Hong Kong's Grade-A office market looks set to plunge by between 15 and 20 percent in 2020 on the back of the city's protracted social unrest, a slowing global economy and the lingering Sino-US trade tensions, predicts real-estate service provider Jones Lang LaSalle.

Alex Barnes, head of markets at JLL in Hong Kong, said he expects the vacancy rate for top-tier offices in key urban areas to climb as leasing demand continues to weaken.

"Decentralization for more cost-effective options will remain a major trend next year as tenants control real-estate costs in uncertain times," he said.

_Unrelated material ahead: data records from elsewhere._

(* Let $P\subset\mathbb{R}^3$ be a minimal Fano polytope which is an octahedron. Then, up to the action of $GL(3,\mathbb{Z})$, $P$ is the convex hull of either $\{\pm(1,0,0),\pm(0,1,0),\pm(0,0,1)\}$ or $\{\pm(1,0,0),\pm(0,1,0),\pm(1,1,2)\}$.
   Context: A Fano polytope is a convex polytope $P\subset\mathbb{R}^3$ with vertices in $\mathbb{Z}^3$ such that the only lattice point of $P$ that is not a vertex is the origin, which lies strictly in the interior of $P$. A Fano polytope with vertex set $\{x_1,\ldots,x_k\}$ is minimal if for every $j$ the convex hull of $\{x_1,\ldots,x_k\}\setminus\{x_j\}$ is not a Fano polytope. *)

theory Defs
  imports "HOL-Analysis.Analysis"
begin

definition lattice_point :: "real^3 \<Rightarrow> bool" where
  "lattice_point x \<longleftrightarrow> (\<forall>i. x $ i \<in> \<int>)"

definition vertices :: "(real^3) set \<Rightarrow> (real^3) set" where
  "vertices P = {v. v extreme_point_of P}"

definition fano_polytope :: "(real^3) set \<Rightarrow> bool" where
  "fano_polytope P \<longleftrightarrow> polytope P \<and> (\<forall>v \<in> vertices P. lattice_point v)
     \<and> 0 \<in> interior P
     \<and> {x \<in> P. lattice_point x} = vertices P \<union> {0}"

definition minimal_fano :: "(real^3) set \<Rightarrow> bool" where
  "minimal_fano P \<longleftrightarrow> fano_polytope P \<and>
     (\<forall>v \<in> vertices P. \<not> fano_polytope (convex hull (vertices P - {v})))"
(* Let $N=d\ge2$, $w>1$, let $\mathcal{G}$ be the causal graph on $[N]$, $W_Q=W_K=0$ (so $A_{ij}=1/i$ for $j\le i$ and $0$ otherwise), and let $W_V\in\mathbb{R}^{N\times N}$ have $1$ on the diagonal, $w$ on the superdiagonal and $0$ elsewhere. For signs $s_1,\dots,s_N\in\{\pm1\}$ define $X\in\mathbb{R}^{N\times N}$ row by row: $X_{1,:}=s_1e_N$, and for $k\ge2$, $X_{k,j}=-X_{k-1,j+1}/w$ for $1\le j\le N-1$ and $X_{k,N}=s_k\sqrt{1-1/w^2}$. Then each of these $2^N$ matrices is an equilibrium of the LayerNorm dynamics $X\mapsto DAXW_V$ (with $D=\mathrm{diag}(1/\|(AXW_V)_{i,:}\|_2)$), has unit-norm rows and rank $N$, and its stable rank satisfies $$1\le \mathrm{SRank}(X)=\frac{\|X\|_F^2}{\|X\|_2^2}\le\frac{N}{N-(N-1)/w^2}.$$ Consequently, for any $\delta>0$, choosing $w\ge\sqrt{1/\delta+1}$ gives $\mathrm{SRank}(X)\le 1+\delta$.
   Context: $e_N$ is the $N$-th standard basis row vector of $\mathbb{R}^N$. The causal graph has edges $(j,i)$ for $j\le i$, meaning token $i$ attends to tokens $1,\dots,i$. An equilibrium is a fixed point of the update map. $\|\cdot\|_F$ is the Frobenius norm and $\|\cdot\|_2$ the spectral norm. *)

theory Defs
  imports Complex_Main "Jordan_Normal_Form.DL_Rank"
begin

text \<open>N x N real matrices are represented as functions nat => nat => real,
  with indices ranging over {1..N} (1-based, as in the paper); values outside
  this range are irrelevant.\<close>

type_synonym rmat = "nat \<Rightarrow> nat \<Rightarrow> real"

definition matmul :: "nat \<Rightarrow> rmat \<Rightarrow> rmat \<Rightarrow> rmat" where
  "matmul N P Q = (\<lambda>i j. \<Sum>l=1..N. P i l * Q l j)"

definition causal_attn :: "nat \<Rightarrow> rmat" where
  "causal_attn N = (\<lambda>i j. if j \<le> i then 1 / real i else 0)"

definition WV :: "real \<Rightarrow> rmat" where
  "WV w = (\<lambda>i j. if j = i then 1 else if j = i + 1 then w else 0)"

definition row_norm :: "nat \<Rightarrow> rmat \<Rightarrow> nat \<Rightarrow> real" where
  "row_norm N M i = sqrt (\<Sum>j=1..N. (M i j)\<^sup>2)"

definition layernorm_update :: "nat \<Rightarrow> rmat \<Rightarrow> rmat \<Rightarrow> rmat \<Rightarrow> rmat" where
  "layernorm_update N A W X =
     (let Y = matmul N (matmul N A X) W in (\<lambda>i j. Y i j / row_norm N Y i))"

definition is_equilibrium :: "nat \<Rightarrow> rmat \<Rightarrow> rmat \<Rightarrow> rmat \<Rightarrow> bool" where
  "is_equilibrium N A W X \<longleftrightarrow>
     (\<forall>i\<in>{1..N}. \<forall>j\<in>{1..N}. layernorm_update N A W X i j = X i j)"

definition frob_norm :: "nat \<Rightarrow> rmat \<Rightarrow> real" where
  "frob_norm N M = sqrt (\<Sum>i=1..N. \<Sum>j=1..N. (M i j)\<^sup>2)"

definition spec_norm :: "nat \<Rightarrow> rmat \<Rightarrow> real" where
  "spec_norm N M = Sup {sqrt (\<Sum>i=1..N. (\<Sum>j=1..N. M i j * v j)\<^sup>2) | v.
                          (\<Sum>j=1..N. (v j)\<^sup>2) = 1}"

definition stable_rank :: "nat \<Rightarrow> rmat \<Rightarrow> real" where
  "stable_rank N M = (frob_norm N M)\<^sup>2 / (spec_norm N M)\<^sup>2"

definition to_mat :: "nat \<Rightarrow> rmat \<Rightarrow> real mat" where
  "to_mat N M = mat N N (\<lambda>(i, j). M (i + 1) (j + 1))"

definition mat_rank :: "nat \<Rightarrow> rmat \<Rightarrow> nat" where
  "mat_rank N M = vec_space.rank N (to_mat N M)"

fun Xcons :: "nat \<Rightarrow> real \<Rightarrow> (nat \<Rightarrow> real) \<Rightarrow> nat \<Rightarrow> nat \<Rightarrow> real" where
  "Xcons N w s 0 j = 0"
| "Xcons N w s (Suc 0) j = (if j = N then s 1 else 0)"
| "Xcons N w s (Suc (Suc k)) j =
     (if j = N then s (Suc (Suc k)) * sqrt (1 - 1 / w\<^sup>2)
      else if 1 \<le> j \<and> j \<le> N - 1 then - Xcons N w s (Suc k) (j + 1) / w
      else 0)"

end

theory Submission
  imports Defs "HOL-Analysis.Convex"
begin

text \<open>Each row of X is, up to the factor -1/w, the previous row shifted one step to the left,
  plus a new entry in the last column. Hence multiplying by W_V (which adds w times the
  left neighbour) turns row l into X_l - X_{l-1}, so the causal average of the rows of
  X W_V telescopes to X_i / i: the LayerNorm update only rescales rows, and the rows of X
  have unit norm by the choice of the last entry. X is lower anti-triangular with
  antidiagonal entries (-1/w)^(k-1) s_1, which gives full rank. Finally ||X||_F^2 = N,
  while ||X||_2 lies between the norm of the last column, sqrt(N - (N-1)/w^2), and ||X||_F.\<close>

lemma Xcons_eq_0_above_antidiag:
  "k + j \<le> N \<Longrightarrow> Xcons N w s k j = 0"
  by (induction N w s k j rule: Xcons.induct) auto

lemma Xcons_antidiag:
  assumes "1 \<le> k" "k \<le> N"
  shows "Xcons N w s k (N + 1 - k) = (- 1 / w) ^ (k - 1) * s 1"
  using assms
proof (induction k rule: less_induct)
  case (less k)
  show ?case
  proof (cases "k = 1")
    case False
    then obtain k' where k: "k = Suc (Suc k')"
      using less.prems by (metis One_nat_def Suc_le_D not0_implies_Suc)
    have "N + 1 - k + 1 = N - k'" "N + 1 - k \<noteq> N" "1 \<le> N + 1 - k" "N + 1 - k \<le> N - 1"
      using k less.prems by auto
    then show ?thesis
      using less.IH[of "Suc k'"] k less.prems by (simp add: Suc_diff_le)
  qed simp
qed
(* Let $A\in\mathbb{C}^{n\times n}$ and let $\|\cdot\|$ be any vector norm on $\mathbb{C}^n$ with induced matrix norm. Then $\inf_{t\in\mathbb{R}}\|Q_1(t)\|>0$, and for every $u\in\mathbb{C}^n$ satisfying the RLGE condition, $\inf_{t\in\mathbb{R}}\|Q_1(t)u\|>0$. Consequently, for $y_0\neq0$ and unit $\hat z_0$ both satisfying the RLGE condition, the functions $t\mapsto \|Q_1(t)\hat z_0\|/\|Q_1(t)\hat y_0\|$ and $t\mapsto \|Q_1(t)\|/\|Q_1(t)\hat y_0\|$ are bounded on $\mathbb{R}$ and bounded away from $0$ on $\mathbb{R}$.
   Context: $\hat y_0=y_0/\|y_0\|$. Let $\lambda_1,\dots,\lambda_p$ be the distinct eigenvalues of $A$, $\omega_i=\operatorname{Im}\lambda_i$. Fix a Jordan basis $v^{(i,j,k)}$, $i\in\{1,\dots,p\}$, $j\in\{1,\dots,d_i\}$ ($d_i$ the geometric multiplicity of $\lambda_i$), $k\in\{1,\dots,m_{ij}\}$, consisting of Jordan chains: $(A-\lambda_iI)v^{(i,j,1)}=0$, $(A-\lambda_iI)v^{(i,j,k)}=v^{(i,j,k-1)}$ for $k\ge2$. Let $V$ be the matrix with these columns in lexicographic order of $(i,j,k)$ and $w^{(i,j,k)}$ the rows of $V^{-1}$ in the same order; $\alpha_{ijk}(u)=w^{(i,j,k)}u$. $\Lambda_1$ is the set of eigenvalues with maximal real part, $M_1=\max_{\lambda_i\in\Lambda_1}\max_j m_{ij}$, and $$Q_1(t)=\sum_{\lambda_i\in\Lambda_1,\ j\in\{1,\dots,d_i\},\ m_{ij}=M_1} e^{\sqrt{-1}\,\omega_i t}\,v^{(i,j,1)}w^{(i,j,M_1)}.$$ $u$ satisfies the RLGE condition if $\alpha_{ijM_1}(u)\neq0$ for some $(i,j)$ with $\lambda_i\in\Lambda_1$, $m_{ij}=M_1$. *)

theory Defs
  imports "HOL-Analysis.Analysis"
begin

definition is_vec_norm :: "(complex^'n \<Rightarrow> real) \<Rightarrow> bool" where
  "is_vec_norm N \<longleftrightarrow>
     (\<forall>x. N x = 0 \<longleftrightarrow> x = 0) \<and>
     (\<forall>c x. N (c *s x) = cmod c * N x) \<and>
     (\<forall>x y. N (x + y) \<le> N x + N y)"

definition ind_norm :: "(complex^'n \<Rightarrow> real) \<Rightarrow> complex^'n^'n \<Rightarrow> real" where
  "ind_norm N M = Sup {N (M *v x) / N x | x. x \<noteq> 0}"

definition jidx :: "nat \<Rightarrow> (nat \<Rightarrow> nat) \<Rightarrow> (nat \<Rightarrow> nat \<Rightarrow> nat) \<Rightarrow> (nat \<times> nat \<times> nat) set" where
  "jidx p d m = {(i,j,k). 1 \<le> i \<and> i \<le> p \<and> 1 \<le> j \<and> j \<le> d i \<and> 1 \<le> k \<and> k \<le> m i j}"

text \<open>The matrix V whose columns are the Jordan basis vectors; column c carries
  the vector with label idx c.\<close>
definition jmat :: "(nat \<Rightarrow> nat \<Rightarrow> nat \<Rightarrow> complex^'n) \<Rightarrow> ('n \<Rightarrow> nat \<times> nat \<times> nat) \<Rightarrow> complex^'n^'n" where
  "jmat v idx = (\<chi> r c. (case idx c of (i,j,k) \<Rightarrow> v i j k) $ r)"

text \<open>Jordan basis data for A: distinct eigenvalues lam 1..lam p (exactly the
  eigenvalues of A), d i chains for lam i, chain lengths m i j, chain vectors v i j k,
  labelling idx of the columns of V.\<close>
definition jordan_basis ::
  "complex^'n^'n \<Rightarrow> nat \<Rightarrow> (nat \<Rightarrow> complex) \<Rightarrow> (nat \<Rightarrow> nat) \<Rightarrow> (nat \<Rightarrow> nat \<Rightarrow> nat)
     \<Rightarrow> (nat \<Rightarrow> nat \<Rightarrow> nat \<Rightarrow> complex^'n) \<Rightarrow> ('n \<Rightarrow> nat \<times> nat \<times> nat) \<Rightarrow> bool" where
  "jordan_basis A p lam d m v idx \<longleftrightarrow>
     inj_on lam {1..p} \<and>
     lam ` {1..p} = {\<mu>. \<exists>x. x \<noteq> 0 \<and> A *v x = \<mu> *s x} \<and>
     (\<forall>i\<in>{1..p}. 1 \<le> d i \<and> (\<forall>j\<in>{1..d i}. 1 \<le> m i j)) \<and>
     (\<forall>i\<in>{1..p}. \<forall>j\<in>{1..d i}.
        (A - mat (lam i)) *v v i j 1 = 0 \<and>
        (\<forall>k\<in>{2..m i j}. (A - mat (lam i)) *v v i j k = v i j (k - 1))) \<and>
     bij_betw idx UNIV (jidx p d m) \<and>
     invertible (jmat v idx)"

"Central will experience the greatest downward pressure as there's a significant rental gap between Central and other office submarkets."

Barnes and two other JLL executives made their predictions in Hong Kong on Thursday with regard to the company's year-end property market review and forecasts.

JLL believes the longest bull run in Hong Kong's property market history had ended in the second half of this year, and the city's Grade-A offices are already in a downward cycle.

New take-up rates of Grade-A offices have plummeted by 62 percent to just below 1.1 million square feet this year as a number of tenants have shelved expansion plans. The demand from Chinese mainland companies and co-working operators, in particular, has tumbled by 34 percent and 26 percent, respectively - a far cry from a bullish 2018.

Consequently, the overall market's vacancy rate has reached 5.9 percent -- the highest point since April 2010 — while the vacancy rate in Central has hit a 4-year high at 3.5 percent.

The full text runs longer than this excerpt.